The elephant in the room however is multiplication. The usual method requires computing a 126-bit product, then doing a modulo operation over a 63-bit integer; this could be slow and error-prone to implement. C++ users could rejoice, as Codeforces recently implemented support for 128-bit integers via this update. However, before you celebrate too early, there are still issues: this may not be available on other platforms, and I can't imagine that straight 128-bit modulo 64-bit is exactly the fastest operation in the world, so the following might still be helpful even to C++ users.

A rather simple-to-code general-case method is to "double-and-add" similar to modular exponentiation, however it is too slow for the purposes of this article; FFT implementation speed is heavily bound by the speed of multiplications.

My favored technique for this problem is called Barrett reduction. The explanation is (adapted from this website)

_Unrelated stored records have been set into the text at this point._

(* Let $U$ be a finite set, $(T,I,N)$ an IMTL triplet, $\widetilde{R}$ a $T$-preorder relation on $U$, $A\subseteq U$ a crisp set with $A\neq\emptyset$ and $coA=U\setminus A\neq\emptyset$ (identified with the fuzzy set $A(u)=1$ for $u\in A$, $A(u)=0$ otherwise), and $L:\mathbb{R}\times\mathbb{R}\to\mathbb{R}^+$ a loss function of $\lor$-type. Let $\hat{A}:U\to[0,1]$ be an optimal solution of $$\text{minimize }\sum_{u\in U}L(A(u),\hat{A}(u))\quad\text{subject to } T(\widetilde{R}(u,v),\hat{A}(v))\le\hat{A}(u)\ (u,v\in U),\quad 0\le\hat{A}(u)\le1\ (u\in U).$$ Then: for every $u\in A$ there is $v\in coA$ such that $\widetilde{R}^-_{N(\hat{A}(v))}(v)$ is adjacent to $\widetilde{R}^+_{\hat{A}(u)}(u)$; and for every $u\in coA$ there is $v\in A$ such that $\widetilde{R}^+_{\hat{A}(v)}(v)$ is adjacent to $\widetilde{R}^-_{N(\hat{A}(u))}(u)$.
   Context: A residual triplet $(T,I,N)$ consists of a left-continuous $t$-norm $T$, its residual implicator $I(x,y)=\sup\{\beta\in[0,1]: T(x,\beta)\le y\}$ and $N(x)=I(x,0)$; it is IMTL if $N$ is involutive. $\widetilde{R}:U\times U\to[0,1]$ is a $T$-preorder if reflexive and $T$-transitive. Granules: $\widetilde{R}^+_\lambda(u)$ is the fuzzy set $w\mapsto T(\widetilde{R}(w,u),\lambda)$ and $\widetilde{R}^-_\lambda(v)$ is $w\mapsto T(\widetilde{R}(v,w),\lambda)$. Adjacency: for $x,y\in U$, $\widetilde{R}^-_{\lambda_2}(y)$ is adjacent to $\widetilde{R}^+_{\lambda_1}(x)$ if $\lambda_1=I(\lambda_2,N(\widetilde{R}(y,x)))$; $\widetilde{R}^+_{\lambda_1}(x)$ is adjacent to $\widetilde{R}^-_{\lambda_2}(y)$ if $\lambda_2=I(\lambda_1,N(\widetilde{R}(y,x)))$. A loss function $L$ is of $\lor$-type if for every real $a$: $L(a,a)=0$; $x\mapsto L(x,a)$ and $x\mapsto L(a,x)$ are increasing for $x>a$ and decreasing for $x<a$. *)

theory Defs
  imports "HOL-Analysis.Analysis"
begin

definition is_tnorm :: "(real \<Rightarrow> real \<Rightarrow> real) \<Rightarrow> bool" where
  "is_tnorm T \<longleftrightarrow>
     (\<forall>x\<in>{0..1}. \<forall>y\<in>{0..1}. T x y \<in> {0..1}) \<and>
     (\<forall>x\<in>{0..1}. \<forall>y\<in>{0..1}. T x y = T y x) \<and>
     (\<forall>x\<in>{0..1}. \<forall>y\<in>{0..1}. \<forall>z\<in>{0..1}. T (T x y) z = T x (T y z)) \<and>
     (\<forall>x\<in>{0..1}. \<forall>x'\<in>{0..1}. \<forall>y\<in>{0..1}. x \<le> x' \<longrightarrow> T x y \<le> T x' y) \<and>
     (\<forall>x\<in>{0..1}. T x 1 = x)"

definition left_continuous_tnorm :: "(real \<Rightarrow> real \<Rightarrow> real) \<Rightarrow> bool" where
  "left_continuous_tnorm T \<longleftrightarrow> is_tnorm T \<and>
     (\<forall>y\<in>{0..1}. \<forall>x\<in>{0<..1}. continuous (at_left x) (\<lambda>z. T z y))"

definition resid :: "(real \<Rightarrow> real \<Rightarrow> real) \<Rightarrow> real \<Rightarrow> real \<Rightarrow> real" where
  "resid T x y = Sup {b. 0 \<le> b \<and> b \<le> 1 \<and> T x b \<le> y}"

definition rneg :: "(real \<Rightarrow> real \<Rightarrow> real) \<Rightarrow> real \<Rightarrow> real" where
  "rneg T x = resid T x 0"

text \<open>(T,I,N) is an IMTL residual triplet: T left-continuous and N involutive.\<close>
definition IMTL :: "(real \<Rightarrow> real \<Rightarrow> real) \<Rightarrow> bool" where
  "IMTL T \<longleftrightarrow> left_continuous_tnorm T \<and> (\<forall>x\<in>{0..1}. rneg T (rneg T x) = x)"

definition T_preorder :: "(real \<Rightarrow> real \<Rightarrow> real) \<Rightarrow> 'a set \<Rightarrow> ('a \<Rightarrow> 'a \<Rightarrow> real) \<Rightarrow> bool" where
  "T_preorder T U R \<longleftrightarrow>
     (\<forall>u\<in>U. \<forall>v\<in>U. 0 \<le> R u v \<and> R u v \<le> 1) \<and>
     (\<forall>u\<in>U. R u u = 1) \<and>
     (\<forall>u\<in>U. \<forall>v\<in>U. \<forall>w\<in>U. T (R u v) (R v w) \<le> R u w)"

definition granule_plus :: "(real \<Rightarrow> real \<Rightarrow> real) \<Rightarrow> ('a \<Rightarrow> 'a \<Rightarrow> real) \<Rightarrow> real \<Rightarrow> 'a \<Rightarrow> 'a \<Rightarrow> real" where
  "granule_plus T R l u = (\<lambda>w. T (R w u) l)"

• Choose integer $k$ such that $2^k > m$. $k = 63$ works for our modulus.
• Precompute $\displaystyle r = \left\lfloor \frac {4^k} m \right\rfloor$. For our modulus this is $9223372036972216319$, which just overflows a signed 64-bit integer. You can either store it as unsigned, or the as the signed 64-bit representation $-9223372036737335297$ (yes, this just happens to be $-m$, which is quite a neat coincidence)
• Multiply the two integers. Note that we need all 126 bits of this product. The low bits can be easily obtained via straight multiplication, however the high bits need some bit-shifting arithmetic tricks to obtain. Adapt the following Java code, taken from here for your preferred language:
multiplyHighUnsigned code
• Let the product be $x$. Then calculate $\displaystyle t = x - \left\lfloor \frac{xr}{4^k} \right\rfloor m - m$. This requires some adaptation of grade-school arithmetic; pseudocode in spoiler below. $t$ is guaranteed to be in the range $[-m, m)$, so the t += (t >> 63) & m trick should work to normalize it. In the following pseudocode, BARR_R $= r$ and MOD $= m$. Also, ^ represents bitwise xor, not exponentiation.
mulMod pseudocode

Update: I have further optimized the Barrett reduction step, however it requires a new proof of correctness, so I'm keeping the old variant on this page. For info on the optimized version, read this article.

And that's it for this blogpost. This should be sufficient to solve most integer-based FFT problems in competitive programming. Note that if you need negative numbers in your polynomials, you can input them modulo $m$, then assume any integer in the output that exceeds $m/2$ is negative; this works as long as no number in the output has an absolute value greater than $m/2$, yet another advantage of using such a huge modulus.

Note that for arbitrary polynomials of length $n$ with input values not exceeding $a$, the maximum possible value in the product polynomial is around $a^2n$.

#### Samples

74641269 for 986D - Perfect Encoding — this is particularly interesting, because this huge modulus allows 6 digits per word in the custom big-integer implementation instead of the recommended 3, cutting down the FFT size (as well as the size of other arithmetic operations) by half. With this tight a time limit, I'm not sure this problem is solvable in Kotlin otherwise.

There are a small minority of problems that may ask to perform FFT with an inconvenient modulus like $10^9 + 7$, or an arbitrarily given one in the input (do any exist on Codeforces?). $a^2n$ in this case could overflow even this large modulus, but it can be handled with the "multiplication with arbitrary modulus" method listed in the CP-algorithms article. (I heard this is called MTT; also known as "FFT-mod") Even then, the large modulus this article covers might be helpful, as it reduces the number of decompositions you must make.

#### More addendum (December 2021)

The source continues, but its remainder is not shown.